Limit on $L^{\infty}$ space

Question

Suppose that $u_k\to u$ in $L^{\infty}(\mathbb{R}^n)$, and $u_k\geq 0$ for all $k\in \mathbb{N}$ How can I prove that $u\geq 0$ using the $L^{\infty}$ norm? Any help will be appreciated.

Answer 1

If the set such that $u<0$ has zero measure, then $u$ is equal (in $L^{\infty}(\mathbb{R}^{n}),$ since we identify functions that are a.e. equal) to a version which is nonnegative.
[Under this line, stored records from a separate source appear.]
(* Let $\mathbf{L}=\mathbf{b}+\mathbb{N}(\mathbf{F})\subseteq\mathbb{N}^n$ be a linear set ($\mathbf{F}$ finite) and $\mathbf{X}\subseteq\mathbf{L}$. Then the following are equivalent: (a) for every $\mathbf{x}\in\mathbf{L}$ and every $\mathbf{w}\in\mathbb{N}_{\ge1}(\mathbf{F})$ there is $N\in\mathbb{N}$ with $\mathbf{x}+\mathbb{N}_{\ge N}\mathbf{w}\subseteq\mathbf{X}$; (b) for every $\mathbf{x}\in\mathbf{L}$ and every $\mathbf{w}\in\mathrm{int}(\mathbf{L})-\mathbf{b}=\mathrm{int}(\mathbb{N}(\mathbf{F}))$ there is $N\in\mathbb{N}$ with $\mathbf{x}+\mathbb{N}_{\ge N}\mathbf{w}\subseteq\mathbf{X}$. In particular, whether $\mathbf{X}\trianglelefteq\mathbf{L}$ holds does not depend on the chosen representation of $\mathbf{L}$.
   Context: $\mathbb{N}_{\ge1}(\mathbf{F})=\{\sum_{\mathbf{f}\in\mathbf{F}}\lambda_{\mathbf{f}}\mathbf{f}\mid\lambda_{\mathbf{f}}\in\mathbb{N},\lambda_{\mathbf{f}}\ge1\}$. For an $\mathbb{N}$-generated set $\mathbf{P}$ (closed under addition, containing $\mathbf{0}$), a vector $\mathbf{v}\in\mathbf{P}$ is interior if for every $\mathbf{x}\in\mathbf{P}$ there is $m\in\mathbb{N}$ with $m\mathbf{v}-\mathbf{x}\in\mathbf{P}$; $\mathrm{int}(\mathbf{P})$ is the set of interior vectors. For a linear set $\mathbf{L}=\mathbf{b}+\mathbb{N}(\mathbf{F})\subseteq\mathbb{N}^n$ ($\mathbf{b}$ is its unique minimal element), $\mathrm{int}(\mathbf{L})=\mathbf{b}+\mathrm{int}(\mathbf{L}-\mathbf{b})$. $\mathbf{X}\trianglelefteq\mathbf{L}$ is defined by condition (a). *)

theory Defs
  imports Main
begin

text \<open>Vectors of \<open>\<nat>\<^sup>n\<close> are functions \<open>'n \<Rightarrow> nat\<close> with a finite index type \<open>'n\<close>
  (so n = CARD('n)); addition and scaling are pointwise.\<close>

definition vadd :: "('n \<Rightarrow> nat) \<Rightarrow> ('n \<Rightarrow> nat) \<Rightarrow> ('n \<Rightarrow> nat)" where
  "vadd x y = (\<lambda>i. x i + y i)"

definition vsmul :: "nat \<Rightarrow> ('n \<Rightarrow> nat) \<Rightarrow> ('n \<Rightarrow> nat)" where
  "vsmul m x = (\<lambda>i. m * x i)"

definition Ncomb :: "('n \<Rightarrow> nat) set \<Rightarrow> ('n \<Rightarrow> nat) set" where
  "Ncomb F = {v. \<exists>lam :: ('n \<Rightarrow> nat) \<Rightarrow> nat. v = (\<lambda>i. \<Sum>f\<in>F. lam f * f i)}"

definition Ncomb_ge1 :: "('n \<Rightarrow> nat) set \<Rightarrow> ('n \<Rightarrow> nat) set" where
  "Ncomb_ge1 F = {v. \<exists>lam :: ('n \<Rightarrow> nat) \<Rightarrow> nat. (\<forall>f\<in>F. lam f \<ge> 1) \<and> v = (\<lambda>i. \<Sum>f\<in>F. lam f * f i)}"

definition linset :: "('n \<Rightarrow> nat) \<Rightarrow> ('n \<Rightarrow> nat) set \<Rightarrow> ('n \<Rightarrow> nat) set" where
  "linset b F = {vadd b v | v. v \<in> Ncomb F}"

text \<open>Interior vectors of an \<open>\<nat>\<close>-generated set P: \<open>v \<in> P\<close> such that for every \<open>x \<in> P\<close>
  there is m with \<open>m v - x \<in> P\<close>, i.e. \<open>m v = x + p\<close> for some \<open>p \<in> P\<close>.\<close>
definition intr :: "('n \<Rightarrow> nat) set \<Rightarrow> ('n \<Rightarrow> nat) set" where
  "intr P = {v \<in> P. \<forall>x\<in>P. \<exists>m::nat. \<exists>p\<in>P. vsmul m v = vadd x p}"

definition trileq :: "('n \<Rightarrow> nat) set \<Rightarrow> ('n \<Rightarrow> nat) \<Rightarrow> ('n \<Rightarrow> nat) set \<Rightarrow> bool" where
  "trileq X b F \<longleftrightarrow> (\<forall>x\<in>linset b F. \<forall>w\<in>Ncomb_ge1 F.
      \<exists>N::nat. \<forall>k\<ge>N. vadd x (vsmul k w) \<in> X)"

end

theory Submission
  imports Defs
begin

text \<open>Every \<open>w \<in> \<nat>\<^sub>\<ge>\<^sub>1(F)\<close> is interior: \<open>x = \<Sum> \<mu>\<^sub>f f\<close> is dominated by \<open>m w\<close> once
  \<open>m \<ge> \<Sum> \<mu>\<^sub>f\<close>. Conversely, for interior \<open>w\<close> some \<open>m w\<close> dominates \<open>\<Sum>\<^sub>f f\<close>, so a multiple of \<open>w\<close>
  lies in \<open>\<nat>\<^sub>\<ge>\<^sub>1(F)\<close>; splitting \<open>k = r + q m\<close> with \<open>r < m\<close> and applying (a) to the finitely
  many base points \<open>x + r w\<close> yields (b). Independence of the representation holds because
  \<open>b\<close> is the componentwise minimum of \<open>L\<close> and \<open>\<nat>(F) = L - b\<close>.\<close>

lemma vadd_assoc: "vadd (vadd x y) z = vadd x (vadd y z)"
  by (simp add: vadd_def add.assoc)

lemma vadd_zero_right: "vadd x (\<lambda>i. 0) = x"
  by (simp add: vadd_def)

lemma vadd_left_cancel: "vadd b u = vadd b v \<longleftrightarrow> u = v"
  by (simp add: vadd_def fun_eq_iff)

lemma vsmul_vsmul: "vsmul k (vsmul m w) = vsmul (k * m) w"
  by (simp add: vsmul_def mult.assoc)

lemma vsmul_add: "vsmul (r + q) w = vadd (vsmul r w) (vsmul q w)"
  by (simp add: vsmul_def vadd_def algebra_simps)

lemma Ncomb_I: "v = (\<lambda>i. \<Sum>f\<in>F. lam f * f i) \<Longrightarrow> v \<in> Ncomb F"
  unfolding Ncomb_def by blast

lemma Ncomb_E:
  assumes "v \<in> Ncomb F"
  obtains lam where "v = (\<lambda>i. \<Sum>f\<in>F. lam f * f i)"
  using assms unfolding Ncomb_def by blast

lemma Ncomb_zero: "(\<lambda>i. 0) \<in> Ncomb F"
  by (rule Ncomb_I[where lam = "\<lambda>_. 0"]) simp

lemma Ncomb_add:
  assumes "u \<in> Ncomb F" "v \<in> Ncomb F"
  shows "vadd u v \<in> Ncomb F"
proof -
  obtain a c where "u = (\<lambda>i. \<Sum>f\<in>F. a f * f i)" "v = (\<lambda>i. \<Sum>f\<in>F. c f * f i)"
    using assms unfolding Ncomb_def by blast
  then have "vadd u v = (\<lambda>i. \<Sum>f\<in>F. (a f + c f) * f i)"
    by (simp add: vadd_def sum.distrib algebra_simps)
  then show ?thesis by (rule Ncomb_I)
qed

lemma Ncomb_smul:
  assumes "u \<in> Ncomb F"
  shows "vsmul k u \<in> Ncomb F"
proof -
  obtain a where "u = (\<lambda>i. \<Sum>f\<in>F. a f * f i)"
    using assms by (rule Ncomb_E)
  then have "vsmul k u = (\<lambda>i. \<Sum>f\<in>F. (k * a f) * f i)"
    by (simp add: vsmul_def sum_distrib_left algebra_simps)
  then show ?thesis by (rule Ncomb_I)
qed

lemma intr_imp_Ncomb: "w \<in> intr (Ncomb F) \<Longrightarrow> w \<in> Ncomb F"
  unfolding intr_def by blast

lemma vadd_sum_generators_Ncomb_ge1:
  assumes "p \<in> Ncomb F"
  shows "vadd (\<lambda>i. \<Sum>f\<in>F. f i) p \<in> Ncomb_ge1 F"
proof -
  obtain c where "p = (\<lambda>i. \<Sum>f\<in>F. c f * f i)"
    using assms by (rule Ncomb_E)
  then have "vadd (\<lambda>i. \<Sum>f\<in>F. f i) p = (\<lambda>i. \<Sum>f\<in>F. (1 + c f) * f i)"
    by (simp add: vadd_def sum.distrib algebra_simps)
  then show ?thesis unfolding Ncomb_ge1_def by force
qed

lemma Ncomb_ge1_subset_intr:
  assumes "finite F"
  shows "Ncomb_ge1 F \<subseteq> intr (Ncomb F)"
proof
  fix w assume "w \<in> Ncomb_ge1 F"
  then obtain l where l_ge1: "\<forall>f\<in>F. l f \<ge> 1" and w: "w = (\<lambda>i. \<Sum>f\<in>F. l f * f i)"
    unfolding Ncomb_ge1_def by blast
  have "\<exists>m. \<exists>p\<in>Ncomb F. vsmul m w = vadd x p" if "x \<in> Ncomb F" for x
  proof -
    obtain mu where x: "x = (\<lambda>i. \<Sum>f\<in>F. mu f * f i)"
      using \<open>x \<in> Ncomb F\<close> by (rule Ncomb_E)
    define m where "m = (\<Sum>f\<in>F. mu f)"
    have mu_le: "mu f \<le> m * l f" if "f \<in> F" for f
    proof -
      have "mu f \<le> m"
        unfolding m_def using member_le_sum[of f F mu] assms that by simp
      also have "\<dots> \<le> m * l f"
        using l_ge1 that by simp
      finally show ?thesis .
    qed
    define p where "p = (\<lambda>i. \<Sum>f\<in>F. (m * l f - mu f) * f i)"
    have "vsmul m w = vadd x p"
    proof
      fix i
      have "m * (\<Sum>f\<in>F. l f * f i) = (\<Sum>f\<in>F. (mu f + (m * l f - mu f)) * f i)"
        by (simp add: sum_distrib_left mult.assoc mu_le cong: sum.cong)
      also have "\<dots> = (\<Sum>f\<in>F. mu f * f i) + (\<Sum>f\<in>F. (m * l f - mu f) * f i)"
        by (simp add: sum.distrib algebra_simps)
      finally show "vsmul m w i = vadd x p i"
        by (simp add: vsmul_def vadd_def w x p_def)
    qed
    moreover have "p \<in> Ncomb F"
      unfolding p_def by (rule Ncomb_I) simp
    ultimately show ?thesis by blast
  qed
  moreover have "w \<in> Ncomb F"
    using w by (rule Ncomb_I)
  ultimately show "w \<in> intr (Ncomb F)"
    unfolding intr_def by blast
qed

lemma intr_Ncomb_multiple_in_Ncomb_ge1:
  assumes "w \<in> intr (Ncomb F)"
  obtains m where "m \<ge> 1" "vsmul m w \<in> Ncomb_ge1 F"
proof -
  have "(\<lambda>i. \<Sum>f\<in>F. f i) \<in> Ncomb F"
    by (rule Ncomb_I[where lam = "\<lambda>_. 1"]) simp
  then obtain m p where p: "p \<in> Ncomb F" and mw: "vsmul m w = vadd (\<lambda>i. \<Sum>f\<in>F. f i) p"
    using assms unfolding intr_def by blast
  have "vsmul (m + 1) w = vadd (vsmul m w) w"
    by (simp add: vsmul_def vadd_def add.commute)
  then have "vsmul (m + 1) w = vadd (\<lambda>i. \<Sum>f\<in>F. f i) (vadd p w)"
    by (simp add: mw vadd_assoc)
  moreover have "vadd p w \<in> Ncomb F"
    using p intr_imp_Ncomb[OF assms] by (rule Ncomb_add)
  ultimately have "vsmul (m + 1) w \<in> Ncomb_ge1 F"
    using vadd_sum_generators_Ncomb_ge1 by metis
  then show ?thesis using that[of "m + 1"] by simp
qed

lemma linset_add:
  assumes "x \<in> linset b F" "p \<in> Ncomb F"
  shows "vadd x p \<in> linset b F"
proof -
  obtain v where "v \<in> Ncomb F" "x = vadd b v"
    using assms(1) unfolding linset_def by blast
  then show ?thesis
    using Ncomb_add[OF _ assms(2)] unfolding linset_def by (auto simp: vadd_assoc)
qed

lemma linset_base: "b \<in> linset b F"
  using Ncomb_zero unfolding linset_def by (force simp: vadd_zero_right)

lemma linset_ge_base: "y \<in> linset b F \<Longrightarrow> b i \<le> y i"
  unfolding linset_def vadd_def by auto

lemma linset_eq_imp_base_eq:
  assumes "linset b' F' = linset b F"
  shows "b' = b"
proof
  fix i
  show "b' i = b i"
    using linset_ge_base[where b = b and F = F] linset_ge_base[where b = b' and F = F'] linset_base[of b F]
      linset_base[of b' F'] assms by (metis le_antisym)
qed

lemma linset_eq_imp_Ncomb_eq:
  assumes "linset b F' = linset b F"
  shows "Ncomb F' = Ncomb F"
proof -
  have "v \<in> Ncomb G'" if "v \<in> Ncomb G" and "linset b G = linset b G'" for v G G'
  proof -
    have "vadd b v \<in> linset b G'"
      using that unfolding linset_def by blast
    then show ?thesis
      unfolding linset_def by (auto simp: vadd_left_cancel)
  qed
  then show ?thesis
    using assms by blast
qed

lemma eventually_from_residues:
  fixes P :: "nat \<Rightarrow> bool"
  assumes "m \<ge> 1" and "\<And>r. r < m \<Longrightarrow> \<exists>N. \<forall>q\<ge>N. P (r + q * m)"
  shows "\<exists>N. \<forall>k\<ge>N. P k"
proof -
  obtain N where N: "\<And>r q. r < m \<Longrightarrow> q \<ge> N r \<Longrightarrow> P (r + q * m)"
    using assms(2) by metis
  define M where "M = Max (N ` {..<m})"
  have "P k" if "k \<ge> m * M" for k
  proof -
    have "M \<le> k div m"
      using that assms(1) by (simp add: less_eq_div_iff_mult_less_eq mult.commute)
    moreover have "N (k mod m) \<le> M"
      unfolding M_def using assms(1) by (intro Max_ge) auto
    ultimately have "P (k mod m + k div m * m)"
      using assms(1) by (intro N) auto
    then show ?thesis by simp
  qed
  then show ?thesis by blast
qed

lemma trileq_iff_interior:
  assumes "finite F"
  shows "trileq X b F \<longleftrightarrow>
           (\<forall>x\<in>linset b F. \<forall>w\<in>intr (Ncomb F). \<exists>N::nat. \<forall>k\<ge>N. vadd x (vsmul k w) \<in> X)"
proof
  assume "\<forall>x\<in>linset b F. \<forall>w\<in>intr (Ncomb F). \<exists>N::nat. \<forall>k\<ge>N. vadd x (vsmul k w) \<in> X"
  then show "trileq X b F"
    unfolding trileq_def using Ncomb_ge1_subset_intr[OF assms] by blast
next
  assume a: "trileq X b F"
  show "\<forall>x\<in>linset b F. \<forall>w\<in>intr (Ncomb F). \<exists>N::nat. \<forall>k\<ge>N. vadd x (vsmul k w) \<in> X"
  proof (intro ballI)
    fix x w assume x: "x \<in> linset b F" and w: "w \<in> intr (Ncomb F)"
    obtain m where m: "m \<ge> 1" and mw: "vsmul m w \<in> Ncomb_ge1 F"
      using w by (rule intr_Ncomb_multiple_in_Ncomb_ge1)
    from m show "\<exists>N. \<forall>k\<ge>N. vadd x (vsmul k w) \<in> X"
    proof (rule eventually_from_residues[where P = "\<lambda>k. vadd x (vsmul k w) \<in> X"])
      fix r
      have "vadd x (vsmul r w) \<in> linset b F"
        using x Ncomb_smul[OF intr_imp_Ncomb[OF w]] by (rule linset_add)
      then obtain N where "\<forall>q\<ge>N. vadd (vadd x (vsmul r w)) (vsmul q (vsmul m w)) \<in> X"
        using a mw unfolding trileq_def by blast
      then show "\<exists>N. \<forall>q\<ge>N. vadd x (vsmul (r + q * m) w) \<in> X"
        by (auto simp: vsmul_add vsmul_vsmul vadd_assoc)
    qed
  qed
qed

theorem mainTheorem11:
  fixes b :: "'n::finite \<Rightarrow> nat" and F :: "('n \<Rightarrow> nat) set" and X :: "('n \<Rightarrow> nat) set"
  assumes "finite F" and "X \<subseteq> linset b F"
  shows "(trileq X b F \<longleftrightarrow>
           (\<forall>x\<in>linset b F. \<forall>w\<in>intr (Ncomb F).
              \<exists>N::nat. \<forall>k\<ge>N. vadd x (vsmul k w) \<in> X))
       \<and> (\<forall>b' F'. finite F' \<and> linset b' F' = linset b F \<longrightarrow> (trileq X b' F' \<longleftrightarrow> trileq X b F))"
proof (intro conjI allI impI)
  show "trileq X b F \<longleftrightarrow>
          (\<forall>x\<in>linset b F. \<forall>w\<in>intr (Ncomb F). \<exists>N::nat. \<forall>k\<ge>N. vadd x (vsmul k w) \<in> X)"
    using assms(1) by (rule trileq_iff_interior)
next
  fix b' F' assume F': "finite F' \<and> linset b' F' = linset b F"
  then have "b' = b" by (blast intro: linset_eq_imp_base_eq)
  with F' have eq: "linset b F' = linset b F" by simp
  then have "Ncomb F' = Ncomb F" by (rule linset_eq_imp_Ncomb_eq)
  with F' show "trileq X b' F' \<longleftrightarrow> trileq X b F"
    by (simp only: \<open>b' = b\<close> eq trileq_iff_interior[OF assms(1)] trileq_iff_interior)
qed

end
Otherwise, the set $u<0$ has positive measure, and since $\{u<0\}=\bigcup_{n\geq1}\{u<-1/n\},$ and $\lim_{n\rightarrow\infty}\lambda(\{u<-1/n\})\rightarrow\lambda(\{u<0\})>0,$ there is some positive $n$ such that $\lambda(\{u<-1/n\})>0.$ But on this set, $\sup_{x\in\{u<-1/n\}}|u_{n}(x)-u(x)|>1/n,$ so $\mathrm{ess}\sup_{x\in\mathbb{R}^{n}}|u_{n}(x)-u(x)|>1/n$ and thus $u_{n}\not\rightarrow u$ in $L^{\infty}(\mathbb{R}^{n}),$ which is a contradiction.